* **WHAT YOU WILL DO**: The response should contain only those lines of the entries below that include the string "norm".

::::::

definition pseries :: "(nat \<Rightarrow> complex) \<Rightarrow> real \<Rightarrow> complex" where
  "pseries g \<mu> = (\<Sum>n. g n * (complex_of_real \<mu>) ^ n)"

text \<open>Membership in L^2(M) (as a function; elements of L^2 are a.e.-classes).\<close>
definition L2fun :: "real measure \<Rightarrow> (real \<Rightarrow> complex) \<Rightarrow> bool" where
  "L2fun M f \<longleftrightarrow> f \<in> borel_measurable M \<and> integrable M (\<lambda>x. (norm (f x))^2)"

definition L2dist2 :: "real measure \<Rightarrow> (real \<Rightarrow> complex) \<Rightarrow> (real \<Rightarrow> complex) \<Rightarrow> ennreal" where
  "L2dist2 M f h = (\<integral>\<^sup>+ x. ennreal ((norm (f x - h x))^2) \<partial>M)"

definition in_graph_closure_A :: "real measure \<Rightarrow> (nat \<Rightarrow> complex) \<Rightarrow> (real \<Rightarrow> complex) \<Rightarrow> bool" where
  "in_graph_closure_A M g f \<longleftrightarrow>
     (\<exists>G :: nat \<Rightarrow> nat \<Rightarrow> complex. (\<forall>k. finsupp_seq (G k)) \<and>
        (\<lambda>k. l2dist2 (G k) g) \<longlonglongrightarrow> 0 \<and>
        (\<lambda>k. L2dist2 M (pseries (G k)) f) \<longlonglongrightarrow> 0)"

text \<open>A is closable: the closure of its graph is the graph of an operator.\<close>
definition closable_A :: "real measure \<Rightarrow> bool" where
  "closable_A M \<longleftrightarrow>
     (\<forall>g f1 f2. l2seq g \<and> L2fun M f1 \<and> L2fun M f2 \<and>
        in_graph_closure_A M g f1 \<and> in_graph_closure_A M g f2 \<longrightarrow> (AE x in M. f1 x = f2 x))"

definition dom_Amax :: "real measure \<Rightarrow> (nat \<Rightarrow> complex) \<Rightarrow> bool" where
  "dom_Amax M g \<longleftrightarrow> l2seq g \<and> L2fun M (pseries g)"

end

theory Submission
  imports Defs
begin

::::::

* **FINISHED EXERCISE**:
  "L2fun M f \<longleftrightarrow> f \<in> borel_measurable M \<and> integrable M (\<lambda>x. (norm (f x))^2)"
  "L2dist2 M f h = (\<integral>\<^sup>+ x. ennreal ((norm (f x - h x))^2) \<partial>M)"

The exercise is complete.